Getty Images Something is sizzling in the U.S. right now, but it’s not these steaks. It’s the U.S. economy.
After the latest hiring binge and fastest wage growth in nine years, what can the U.S. economy do for an encore?
Read: Wages rise at fastest pace in nine years as U.S. adds 250,000 jobs in October
Keep it going. As good as the economy is right now, it’s been even better. In some cases much better.
By some measures, in fact, the economy is actually worse in 2018 than it was before the onset of the 2007-2009 recession. While the percentage of Americans in their prime who have joined the labor force just hit an eight-year high, for example, it still lags well below the prerecession peak.

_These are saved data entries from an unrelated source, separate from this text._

(* As formal power series in $z$ (with coefficients rational functions of $q,s$), $$\sum_{n\ge0}\frac{r_{2n}(s,q)}{(q^2;q^2)_n}z^n=\frac{e_{q^2}(s^2z)\,e_{q^2}(z)}{e_q(-sz)},\qquad \sum_{n\ge0}\frac{r_{2n+1}(s,q)}{(q^2;q^2)_n}z^n=(1+s)\frac{e_{q^2}(s^2z)\,e_{q^2}(z)}{e_q(-qsz)}.$$
   Context: $q$ is an indeterminate (or a real number with $|q|<1$). $(x;q)_n=\prod_{j=0}^{n-1}(1-q^jx)$. The Gaussian binomial coefficient is $\begin{bmatrix} n\\ j\end{bmatrix}_q=\frac{(q;q)_n}{(q;q)_j(q;q)_{n-j}}$ for $0\le j\le n$ and $0$ otherwise. The Rogers–Szegö polynomials are $r_n(s,q)=\sum_{j=0}^n\begin{bmatrix} n\\ j\end{bmatrix}_q s^j$. $e_q(w)=\sum_{n\ge0}\frac{w^n}{(q;q)_n}$ as a formal power series, and $1/e_q(w)$ denotes its formal reciprocal. *)

theory Defs
  imports "HOL-Computational_Algebra.Formal_Power_Series"
begin

definition qpoch :: "'a::comm_ring_1 \<Rightarrow> 'a \<Rightarrow> nat \<Rightarrow> 'a" where
  "qpoch x q n = (\<Prod>j<n. 1 - q ^ j * x)"

definition gauss_binom :: "'a::field \<Rightarrow> nat \<Rightarrow> nat \<Rightarrow> 'a" where
  "gauss_binom q n j =
     (if j \<le> n then qpoch q q n / (qpoch q q j * qpoch q q (n - j)) else 0)"

definition rogers_szego :: "nat \<Rightarrow> 'a::field \<Rightarrow> 'a \<Rightarrow> 'a" where
  "rogers_szego n s q = (\<Sum>j\<le>n. gauss_binom q n j * s ^ j)"

definition e_q :: "'a::field \<Rightarrow> 'a fps" where
  "e_q q = Abs_fps (\<lambda>n. 1 / qpoch q q n)"

definition e_q_at :: "'a::field \<Rightarrow> 'a \<Rightarrow> 'a fps" where
  "e_q_at q c = fps_compose (e_q q) (fps_const c * fps_X)"

end

theory Submission
  imports Defs
begin

text \<open>
  Write \<open>G_e(z) = \<Sum>_n r_{2n+e}(s,q) z^n / (q^2;q^2)_n\<close> for \<open>e = 0, 1\<close>. Iterating the
  three-term recurrence of the Rogers-Szego polynomials gives
  \<open>r_{m+4} = (1 + s^2 + s q^{m+2} (1 + q)) r_{m+2} - s^2 (1 - q^{m+1}) (1 - q^{m+2}) r_m\<close>,
  which says exactly that \<open>G_e(q^2 z) (1 + q^e s z) (1 + q^{e+1} s z) = G_e(z) (1 - s^2 z) (1 - z)\<close>.
  Since \<open>e_p(p c z) = (1 - c z) e_p(c z)\<close>, the product \<open>G_e(z) e_q(-q^e s z)\<close> then satisfies
  \<open>f(q^2 z) = f(z) (1 - s^2 z) (1 - z)\<close>, as does \<open>e_{q^2}(s^2 z) e_{q^2}(z)\<close>; when \<open>q\<close> is not a
  root of unity, a solution of such an equation is determined by its constant term.
\<close>

lemma qpoch_0 [simp]: "qpoch x q 0 = 1"
  by (simp add: qpoch_def)

lemma qpoch_Suc: "qpoch x q (Suc n) = qpoch x q n * (1 - q ^ n * x)"
  by (simp add: qpoch_def lessThan_Suc mult.commute)

lemma qpoch_base_Suc: "qpoch q q (Suc n) = qpoch q q n * (1 - q ^ Suc n)"
  by (simp add: qpoch_Suc mult.commute)

lemma qpoch_base_nonzero:
  fixes q :: "'a::field"
  assumes "\<And>n. q ^ Suc n \<noteq> 1"
  shows "qpoch q q n \<noteq> 0"
  using assms by (induction n) (simp_all add: qpoch_base_Suc)

lemma one_minus_power_nonzero:
  fixes q :: "'a::field"
  assumes "\<And>n. q ^ Suc n \<noteq> 1" and "0 < j"
  shows "1 - q ^ j \<noteq> 0"
  using assms(1)[of "j - 1"] assms(2) by simp

lemma gauss_binom_eq_0 [simp]: "n < j \<Longrightarrow> gauss_binom q n j = 0"
  by (simp add: gauss_binom_def)

lemma rogers_szego_0 [simp]: "rogers_szego 0 s q = 1"
  by (simp add: rogers_szego_def gauss_binom_def)

context
  fixes q :: "'a::field"
  assumes q_not_root: "\<And>n. q ^ Suc n \<noteq> 1"
begin

private lemma base_nonzero: "qpoch q q n \<noteq> 0" "1 - q ^ Suc n \<noteq> 0"
  using qpoch_base_nonzero q_not_root by auto

lemma gauss_binom_0 [simp]: "gauss_binom q n 0 = 1"
  and gauss_binom_self [simp]: "gauss_binom q n n = 1"
  using base_nonzero by (simp_all add: gauss_binom_def)

lemma gauss_binom_Suc_Suc:
  "gauss_binom q (Suc n) (Suc j) = gauss_binom q n j + q ^ Suc j * gauss_binom q n (Suc j)"
proof (cases "j < n")
  case True
  then obtain d where n: "n = j + Suc d"
    using less_imp_add_positive by (metis Suc_pred add_Suc_right)
  define P a b x y where "P = qpoch q q n" and "a = qpoch q q j" and "b = qpoch q q d"
    and "x = q ^ Suc j" and "y = q ^ Suc d"
  have diffs: "Suc n - Suc j = Suc d" "n - j = Suc d" "n - Suc j = d"
    using n by simp_all
  have "q ^ Suc n = x * y"
    by (simp add: x_def y_def n power_add[symmetric])
  then have lhs: "gauss_binom q (Suc n) (Suc j) = P * (1 - x * y) / (a * (1 - x) * (b * (1 - y)))"
    using True by (simp add: gauss_binom_def diffs P_def a_def b_def x_def y_def qpoch_base_Suc)
  have rhs1: "gauss_binom q n j = P / (a * (b * (1 - y)))"
    using True by (simp add: gauss_binom_def diffs P_def a_def b_def y_def qpoch_base_Suc)
  have rhs2: "gauss_binom q n (Suc j) = P / (a * (1 - x) * b)"
    using True by (simp add: gauss_binom_def diffs P_def a_def b_def x_def qpoch_base_Suc)
  have "a \<noteq> 0" "b \<noteq> 0" "1 - x \<noteq> 0" "1 - y \<noteq> 0"
    using base_nonzero by (simp_all add: a_def b_def x_def y_def)
  then show ?thesis
    unfolding x_def[symmetric] lhs rhs1 rhs2 by (simp add: divide_simps) (simp add: algebra_simps)
next
  case False
  then show ?thesis
    by (cases "j = n") simp_all
qed

lemma gauss_binom_Suc_Suc_absorb:
  "(1 - q ^ Suc j) * gauss_binom q (Suc n) (Suc j) = (1 - q ^ Suc n) * gauss_binom q n j"
proof (cases "j \<le> n")
  case True
  then show ?thesis
    using base_nonzero[of j] base_nonzero[of "n - j"]
    by (simp add: gauss_binom_def qpoch_base_Suc field_simps)
qed (simp add: gauss_binom_def)

lemma rogers_szego_1: "rogers_szego (Suc 0) s q = 1 + s"
  using gauss_binom_self[of 1] by (simp add: rogers_szego_def)

lemma rogers_szego_Suc_pascal:
  "rogers_szego (Suc n) s q = s * rogers_szego n s q + (\<Sum>j\<le>n. q ^ j * gauss_binom q n j * s ^ j)"
proof -
  have shift: "(\<Sum>j\<le>n. q ^ j * gauss_binom q n j * s ^ j)
      = 1 + (\<Sum>j\<le>n. q ^ Suc j * gauss_binom q n (Suc j) * s ^ Suc j)"
    using sum.atMost_Suc_shift[of "\<lambda>j. q ^ j * gauss_binom q n j * s ^ j" n] by simp
  have "rogers_szego (Suc n) s q = 1 + (\<Sum>j\<le>n. gauss_binom q (Suc n) (Suc j) * s ^ Suc j)"
    unfolding rogers_szego_def sum.atMost_Suc_shift by simp
  also have "\<dots> = s * rogers_szego n s q
      + (1 + (\<Sum>j\<le>n. q ^ Suc j * gauss_binom q n (Suc j) * s ^ Suc j))"
    by (simp add: gauss_binom_Suc_Suc rogers_szego_def algebra_simps sum.distrib sum_distrib_left)
  finally show ?thesis
    by (simp only: shift)
qed

lemma rogers_szego_Suc_absorb:
  "rogers_szego (Suc n) s q - (\<Sum>j\<le>Suc n. q ^ j * gauss_binom q (Suc n) j * s ^ j)
     = s * (1 - q ^ Suc n) * rogers_szego n s q"
proof -
  have "rogers_szego (Suc n) s q - (\<Sum>j\<le>Suc n. q ^ j * gauss_binom q (Suc n) j * s ^ j)
      = (\<Sum>j\<le>Suc n. (1 - q ^ j) * gauss_binom q (Suc n) j * s ^ j)"
    unfolding rogers_szego_def by (simp add: sum_subtractf[symmetric] algebra_simps)
  also have "\<dots> = (\<Sum>j\<le>n. s * ((1 - q ^ Suc j) * gauss_binom q (Suc n) (Suc j)) * s ^ j)"
    unfolding sum.atMost_Suc_shift by (simp add: algebra_simps)
  also have "\<dots> = s * (1 - q ^ Suc n) * rogers_szego n s q"
    by (simp only: gauss_binom_Suc_Suc_absorb)
      (simp add: rogers_szego_def sum_distrib_left algebra_simps)
  finally show ?thesis .
qed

Read: It ’s prime time for Americans 25 to 54 years old who want to work
What the future beholds for an economic expansion now more than nine years old is unlikely to be revealed by a grab-bag of secondary economic reports this week.
Instead investors are expected to focus on the outcome of the 2018 elections and the rising prospects that Democrats will seize control of the House for the first time since 2010.
President Trump and Republicans have argued that a Democratic takeover of the House would harm the economy, but with conservatives widely expected to maintain control of the Senate it’s doubtful that Washington will do much to help or harm growth in the short run.
Read: Worker pay and benefits growing at fastest pace since recession
The bigger danger is likely to come from a Federal Reserve bent on raising interest rates and the cost of borrowing. The central bank is increasing the price of money to prevent inflation from rising to dangerous levels, but historically that’s usually resulted in recession.
For now the Fed has employed a gradualist approach. The central bank is almost certain to hold the line this week on interest rates at the end of its two-day meeting on Thursday to assess the health of the economy.
Another rate hike is seen as a virtual certainty in December, however.
“The Fed’s gradualist stance means no rate hike this month, but the text [after the meeting] will justify expectations for a December move,” said economist Avery Shenfield at CIBC Capital Markets.
Read: Trump complaints or no, Fed December interest-rate hike looks like ‘done deal’
The one government report this week that could stir up Wall Street is the index of producer prices, an inflationary gauge that usually gets short shrift because it’s not viewed as reliable as other measures.
Yet the producer price index has risen in tandem with more closely followed inflation measures, suggesting that it’s still a decent early warning sign.
More recently, wholesale inflation has slowed to a 12-month rate of 2.6% as of September from a post-recession high of 3.4% at the start of summer. Many economists contend the number will start to creep higher again soon, but it’s certainly not flashing red.
“Despite anecdotal reports of price pressures in the U.S. economy,” said chief economist Robert Dye of Comerica Bank in Dallas, “headline price indexes have been sedate.”